Pediatric Ophthalmology and Ocular Genetics, Flaum Eye Institute, University of Rochester, New York, New York, USA.
Department of Ophthalmology, University of Nigeria Teaching Hospital, Enugu, Nigeria.
Am J Med Genet A. 2023 Aug;191(8):2198-2203. doi: 10.1002/ajmg.a.63239. Epub 2023 May 10.
SOX2 pathogenic variants, though rare, constitute the most commonly known genetic cause of clinical anophthalmia and microphthalmia. However, patients without major ocular malformation, but with multi-system developmental disorders, have been reported, suggesting that the range of clinical phenotypes is broader than previously appreciated.

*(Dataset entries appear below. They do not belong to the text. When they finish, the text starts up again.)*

(* For the impossibility we follow a branch of an LOCC protocol through its accumulated
   Kraus operator M and prove, by induction over the finite protocol tree, the invariant
     (I1) M |00> and M |++> are both orthogonal to M phi, and
     (I2) M is not a nonzero multiple of a local unitary A (x) B.
   At a leaf one of the two states is annihilated, which gives (I1) and (I2).
   (I1) passes from the children to the parent because the Kraus operators of a local
   measurement resolve the identity.  (I2) is the heart of the argument: if M is a scaled
   local unitary and every child satisfies (I1), then for each Kraus operator K the Gram
   matrix of K A (or K B) is forced by (I1) to be a multiple of the identity, and some
   branch has a nonzero multiple, so that child is again a scaled local unitary.
   Since the identity is a scaled local unitary, no protocol can start at 1.
   The file develops inner products and traces, Kronecker products of qubit operators and
   local measurements, the concrete states, and finally the invariant. *)

lemma sum_lessThan_2: "(\<Sum>i<(2::nat). f i) = f 0 + f 1"
  by (simp add: eval_nat_numeral)

lemma sum_lessThan_4: "(\<Sum>i<(4::nat). f i) = f 0 + f 1 + f 2 + f 3"
  by (simp add: eval_nat_numeral)

lemma less_2_iff: "(i::nat) < 2 \<longleftrightarrow> i = 0 \<or> i = 1"
  by auto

We detail two patients with bilateral structurally normal eyes along with 11 other previously published patients. Our findings suggest that there is no obvious phenotypic or genotypic pattern that may help set apart patients with normal eyes. Our patients provide further evidence for broadening the phenotypic spectrum of SOX2 mutations and re-appraising the designation of SOX2 disorder as an anophthalmia/microphthalmia syndrome. We emphasize the importance of considering SOX2 pathogenic variants in the differential diagnoses of individuals with normal eyes, who may have varying combinations of features such as developmental delay, urogenital abnormalities, gastro-intestinal anomalies, pituitary dysfunction, midline structural anomalies, and complex movement disorders, seizures or other neurological issues.

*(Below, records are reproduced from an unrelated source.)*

(* In the setting below, for every integer $n\ge1$, every $t\in[0,1]$ and every function $f\ge0$ on $(\Sigma_N)^n$, \[\nu_t(f)\le\exp(6n^2\beta^2S^4)\,\nu_1(f).\]
   Context: Fix $S\ge1$, $\Sigma=\{0,\pm1,\dots,\pm S\}$, $\Sigma_N=\Sigma^N$, $\beta\ge0$, $D\in\mathbb{R}$, $h\ge 0$, and assume $\beta$ is small enough that the system $p=\mathbb{E}\big[\frac{\sum_{\gamma=1}^{S}\gamma^2\, 2\cosh[\gamma(\sqrt{q}\beta X+h)]e^{\gamma^2[D+\frac{\beta^2}{2}(p-q)]}}{1+\sum_{\gamma=1}^{S}2\cosh[\gamma(\sqrt{q}\beta X+h)]e^{\gamma^2[D+\frac{\beta^2}{2}(p-q)]}}\big]$, $q=\mathbb{E}\big[\big(\frac{\sum_{\gamma=1}^{S}\gamma\, 2\sinh[\gamma(\sqrt{q}\beta X+h)]e^{\gamma^2[D+\frac{\beta^2}{2}(p-q)]}}{1+\sum_{\gamma=1}^{S}2\cosh[\gamma(\sqrt{q}\beta X+h)]e^{\gamma^2[D+\frac{\beta^2}{2}(p-q)]}}\big)^2\big]$ ($X$ standard Gaussian) has a unique solution $(p,q)$. Let $(g_{ij})_{i<j}$ be i.i.d. standard Gaussians and $z$ an independent standard Gaussian. For $\sigma\in\Sigma_N$, $\rho=(\sigma_1,\dots,\sigma_{N-1})$, $H_{N-1}(\rho)=\frac{\beta}{\sqrt N}\sum_{1\le i<j\le N-1}g_{ij}\sigma_i\sigma_j+D\sum_{i\le N-1}\sigma_i^2+h\sum_{i\le N-1}\sigma_i$, and for $t\in[0,1]$ $H_t(\sigma)=H_{N-1}(\rho)+\sigma_N\big[\sqrt t\frac{\beta}{\sqrt N}\sum_{i<N}g_{iN}\sigma_i+\sqrt{1-t}\,\beta z\sqrt q\big]+(1-t)\frac{\beta^2}{2}(p-q)\sigma_N^2+D\sigma_N^2+h\sigma_N$. Let $\langle\cdot\rangle_t$ be the Gibbs average for $H_t$, extended to functions of $n$ replicas $(\sigma^1,\dots,\sigma^n)$ (i.i.d. samples given the disorder), and $\nu_t(f)=\mathbb{E}\langle f\rangle_t$ with $\mathbb{E}$ over $(g_{ij})$ and $z$. *)

theory Defs
  imports "HOL-Probability.Probability"
begin

definition std_gauss :: "real measure" where
  "std_gauss = density lborel std_normal_density"

definition spins :: "nat \<Rightarrow> int set" where
  "spins S = {- int S .. int S}"

definition configs :: "nat \<Rightarrow> nat \<Rightarrow> (nat \<Rightarrow> int) set" where
  "configs S N = PiE {1..N} (\<lambda>_. spins S)"

definition replicas :: "nat \<Rightarrow> nat \<Rightarrow> nat \<Rightarrow> (nat \<Rightarrow> nat \<Rightarrow> int) set" where
  "replicas S N n = PiE {1..n} (\<lambda>_. configs S N)"

text \<open>Disorder: Some (i,j) is g_ij for 1 <= i < j <= N, None is z.\<close>
definition pairs :: "nat \<Rightarrow> (nat \<times> nat) set" where
  "pairs N = {(i, j). 1 \<le> i \<and> i < j \<and> j \<le> N}"

definition disorder :: "nat \<Rightarrow> ((nat \<times> nat) option \<Rightarrow> real) measure" where
  "disorder N = PiM (insert None (Some ` pairs N)) (\<lambda>_. std_gauss)"

definition H_t ::
  "real \<Rightarrow> real \<Rightarrow> real \<Rightarrow> real \<Rightarrow> real \<Rightarrow> nat \<Rightarrow> real \<Rightarrow>
   ((nat \<times> nat) option \<Rightarrow> real) \<Rightarrow> (nat \<Rightarrow> int) \<Rightarrow> real" where
  "H_t \<beta> D h p q N t g \<sigma> =
     (\<beta> / sqrt N) * (\<Sum>(i, j)\<in>pairs (N - 1). g (Some (i, j)) * \<sigma> i * \<sigma> j)
     + D * (\<Sum>i\<in>{1..N - 1}. (\<sigma> i)\<^sup>2) + h * (\<Sum>i\<in>{1..N - 1}. \<sigma> i)
     + \<sigma> N * (sqrt t * (\<beta> / sqrt N) * (\<Sum>i\<in>{1..<N}. g (Some (i, N)) * \<sigma> i)
               + sqrt (1 - t) * \<beta> * g None * sqrt q)
     + (1 - t) * (\<beta>\<^sup>2 / 2) * (p - q) * (\<sigma> N)\<^sup>2 + D * (\<sigma> N)\<^sup>2 + h * \<sigma> N"

definition gibbs_avg ::
  "(nat \<Rightarrow> int) set \<Rightarrow> ((nat \<Rightarrow> int) \<Rightarrow> real) \<Rightarrow> nat \<Rightarrow> ((nat \<Rightarrow> nat \<Rightarrow> int) \<Rightarrow> real) \<Rightarrow> real" where
  "gibbs_avg C H n f =
     (\<Sum>\<sigma>s\<in>PiE {1..n} (\<lambda>_. C). f \<sigma>s * (\<Prod>l\<in>{1..n}. exp (H (\<sigma>s l))))
     / (\<Sum>\<sigma>\<in>C. exp (H \<sigma>)) ^ n"

definition nu_t ::
  "nat \<Rightarrow> real \<Rightarrow> real \<Rightarrow> real \<Rightarrow> real \<Rightarrow> real \<Rightarrow> nat \<Rightarrow> real \<Rightarrow> nat \<Rightarrow>
   ((nat \<Rightarrow> nat \<Rightarrow> int) \<Rightarrow> real) \<Rightarrow> real" where
  "nu_t S \<beta> D h p q N t n f =
     integral\<^sup>L (disorder N) (\<lambda>g. gibbs_avg (configs S N) (H_t \<beta> D h p q N t g) n f)"

definition fp_denom :: "nat \<Rightarrow> real \<Rightarrow> real \<Rightarrow> real \<Rightarrow> real \<Rightarrow> real \<Rightarrow> real \<Rightarrow> real" where
  "fp_denom S \<beta> D h p q x =
     1 + (\<Sum>\<gamma>\<in>{1..S}. 2 * cosh (real \<gamma> * (sqrt q * \<beta> * x + h))
                         * exp ((real \<gamma>)\<^sup>2 * (D + \<beta>\<^sup>2 / 2 * (p - q))))"

definition fp_system :: "nat \<Rightarrow> real \<Rightarrow> real \<Rightarrow> real \<Rightarrow> real \<Rightarrow> real \<Rightarrow> bool" where
  "fp_system S \<beta> D h p q \<longleftrightarrow>
     p = integral\<^sup>L std_gauss (\<lambda>x.
           (\<Sum>\<gamma>\<in>{1..S}. (real \<gamma>)\<^sup>2 * 2 * cosh (real \<gamma> * (sqrt q * \<beta> * x + h))
                         * exp ((real \<gamma>)\<^sup>2 * (D + \<beta>\<^sup>2 / 2 * (p - q))))
           / fp_denom S \<beta> D h p q x)
   \<and> q = integral\<^sup>L std_gauss (\<lambda>x.
           ((\<Sum>\<gamma>\<in>{1..S}. real \<gamma> * 2 * sinh (real \<gamma> * (sqrt q * \<beta> * x + h))
                         * exp ((real \<gamma>)\<^sup>2 * (D + \<beta>\<^sup>2 / 2 * (p - q))))
           / fp_denom S \<beta> D h p q x)\<^sup>2)"

end

theory Submission
  imports Defs "HOL-Real_Asymp.Real_Asymp"
begin

(* Let u(t) = nu_t(f). Summed over the n replicas, H_t has the form
   E0 + sqrt t * (SUM i<N. g_iN * A_i) + sqrt (1 - t) * z * B + (1 - t) * C, where E0 does not
   involve g_iN or z. Hence u'(t) is the disorder average of the Gibbs covariance of f with
   dH_t/dt, and Gaussian integration by parts in g_iN and z turns each term g_k * cov(f, A_k)
   into the derivative of that covariance in direction A_k, which is the covariance of f with
   (A_k - <A_k>)^2. For f >= 0 this is at least -M_k^2 <f> and at most 4 M_k^2 <f>, where
   |A_k| <= M_k; the term from C is at most 2 sup|C| <f>. So u' >= -K u, and Gronwall gives
   u(t) <= exp (K (1 - t)) u(1). With |sigma| <= S and 0 <= p, q <= S^2 for every solution of the
   fixed-point system, K <= 7/2 n^2 beta^2 S^4. *)

section \<open>Gibbs averages over a finite set\<close>

definition gibbs_mean :: "'s set \<Rightarrow> ('s \<Rightarrow> real) \<Rightarrow> ('s \<Rightarrow> real) \<Rightarrow> real" where
  "gibbs_mean P E h = (\<Sum>s\<in>P. h s * exp (E s)) / (\<Sum>s\<in>P. exp (E s))"

definition gibbs_cov :: "'s set \<Rightarrow> ('s \<Rightarrow> real) \<Rightarrow> ('s \<Rightarrow> real) \<Rightarrow> ('s \<Rightarrow> real) \<Rightarrow> real" where
  "gibbs_cov P E h k = gibbs_mean P E (\<lambda>s. h s * k s) - gibbs_mean P E h * gibbs_mean P E k"

definition gibbs_cov_deriv :: "'s set \<Rightarrow> ('s \<Rightarrow> real) \<Rightarrow> ('s \<Rightarrow> real) \<Rightarrow> ('s \<Rightarrow> real) \<Rightarrow> real" where
  "gibbs_cov_deriv P E f A =
     gibbs_cov P E (\<lambda>s. f s * A s) A - gibbs_cov P E f A * gibbs_mean P E A - gibbs_mean P E f * gibbs_cov P E A A"

lemma gibbs_partition_pos: "finite P \<Longrightarrow> P \<noteq> {} \<Longrightarrow> 0 < (\<Sum>s\<in>P. exp (E s :: real))"
  by (rule sum_pos) auto

lemma gibbs_mean_add: "gibbs_mean P E (\<lambda>s. h s + k s) = gibbs_mean P E h + gibbs_mean P E k"
  by (simp add: gibbs_mean_def distrib_right sum.distrib add_divide_distrib)

lemma gibbs_mean_diff: "gibbs_mean P E (\<lambda>s. h s - k s) = gibbs_mean P E h - gibbs_mean P E k"
  by (simp add: gibbs_mean_def left_diff_distrib sum_subtractf diff_divide_distrib)

lemma gibbs_mean_cmult: "gibbs_mean P E (\<lambda>s. c * h s) = c * gibbs_mean P E h"
  by (simp add: gibbs_mean_def sum_distrib_left mult.assoc)

lemma gibbs_mean_sum: "gibbs_mean P E (\<lambda>s. \<Sum>k\<in>K. h k s) = (\<Sum>k\<in>K. gibbs_mean P E (h k))"
  unfolding gibbs_mean_def
  by (simp add: sum_distrib_right sum_divide_distrib[symmetric] sum.swap[of _ P])

lemma gibbs_mean_cong: "(\<And>s. s \<in> P \<Longrightarrow> h s = k s) \<Longrightarrow> gibbs_mean P E h = gibbs_mean P E k"
  by (simp add: gibbs_mean_def)

lemma gibbs_mean_const: "finite P \<Longrightarrow> P \<noteq> {} \<Longrightarrow> gibbs_mean P E (\<lambda>s. c) = c"
  using gibbs_partition_pos[of P E] by (simp add: gibbs_mean_def sum_distrib_left[symmetric])

lemma gibbs_mean_mono:
  assumes "finite P" "P \<noteq> {}" "\<And>s. s \<in> P \<Longrightarrow> h s \<le> k s"
  shows "gibbs_mean P E h \<le> gibbs_mean P E k"
  unfolding gibbs_mean_def using assms gibbs_partition_pos[of P E]
  by (intro divide_right_mono sum_mono mult_right_mono) auto

lemma gibbs_mean_nonneg:
  assumes "finite P" "P \<noteq> {}" "\<And>s. s \<in> P \<Longrightarrow> 0 \<le> h s"
  shows "0 \<le> gibbs_mean P E h"
  using gibbs_mean_mono[of P "\<lambda>s. 0" h E] assms gibbs_mean_const[of P E 0] by simp

lemma gibbs_mean_le_sum:
  assumes "finite P" "P \<noteq> {}" "\<And>s. s \<in> P \<Longrightarrow> 0 \<le> f s"
  shows "gibbs_mean P E f \<le> (\<Sum>s\<in>P. f s)"
proof -
  have "gibbs_mean P E f \<le> gibbs_mean P E (\<lambda>_. \<Sum>s\<in>P. f s)"
    using assms by (intro gibbs_mean_mono) (auto intro: member_le_sum)
  then show ?thesis using gibbs_mean_const assms by metis
qed

lemma gibbs_mean_abs_le:
  assumes "finite P" "P \<noteq> {}" "\<And>s. s \<in> P \<Longrightarrow> \<bar>h s\<bar> \<le> M"
  shows "\<bar>gibbs_mean P E h\<bar> \<le> M"
proof -
  have "gibbs_mean P E h \<le> gibbs_mean P E (\<lambda>_. M)" "gibbs_mean P E (\<lambda>_. - M) \<le> gibbs_mean P E h"
    using assms by (auto intro!: gibbs_mean_mono simp: abs_le_iff) (metis minus_le_iff)
  then show ?thesis using gibbs_mean_const[OF assms(1,2)] by (simp add: abs_le_iff)
qed

lemma gibbs_mean_mult_le:
  assumes "finite P" "P \<noteq> {}" "\<And>s. s \<in> P \<Longrightarrow> 0 \<le> f s" "\<And>s. s \<in> P \<Longrightarrow> h s \<le> M"
  shows "gibbs_mean P E (\<lambda>s. f s * h s) \<le> M * gibbs_mean P E f"
proof -
  have "gibbs_mean P E (\<lambda>s. f s * h s) \<le> gibbs_mean P E (\<lambda>s. M * f s)"
    using assms by (intro gibbs_mean_mono) (auto simp: mult.commute[of M] intro: mult_left_mono)
  then show ?thesis by (simp add: gibbs_mean_cmult)
qed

SOX2 致病变体虽然罕见,但构成了临床无眼症和小眼症最常见的已知遗传原因。然而,已经报道了一些没有主要眼部畸形但有多系统发育障碍的患者,这表明临床表型的范围比以前认为的更广泛。我们详细介绍了两名双侧结构正常眼睛的患者以及其他 11 名先前发表的患者。我们的发现表明,没有明显的表型或基因型模式可以帮助区分正常眼睛的患者。我们的患者进一步证明了拓宽 SOX2 突变的表型谱,并重新评估将 SOX2 疾病指定为无眼症/小眼症综合征的合理性。我们强调在具有正常眼睛的个体的鉴别诊断中考虑 SOX2 致病变体的重要性,这些个体可能具有不同组合的特征,例如发育迟缓、泌尿生殖异常、胃肠道异常、垂体功能障碍、中线结构异常以及复杂运动障碍、癫痫发作或其他神经问题。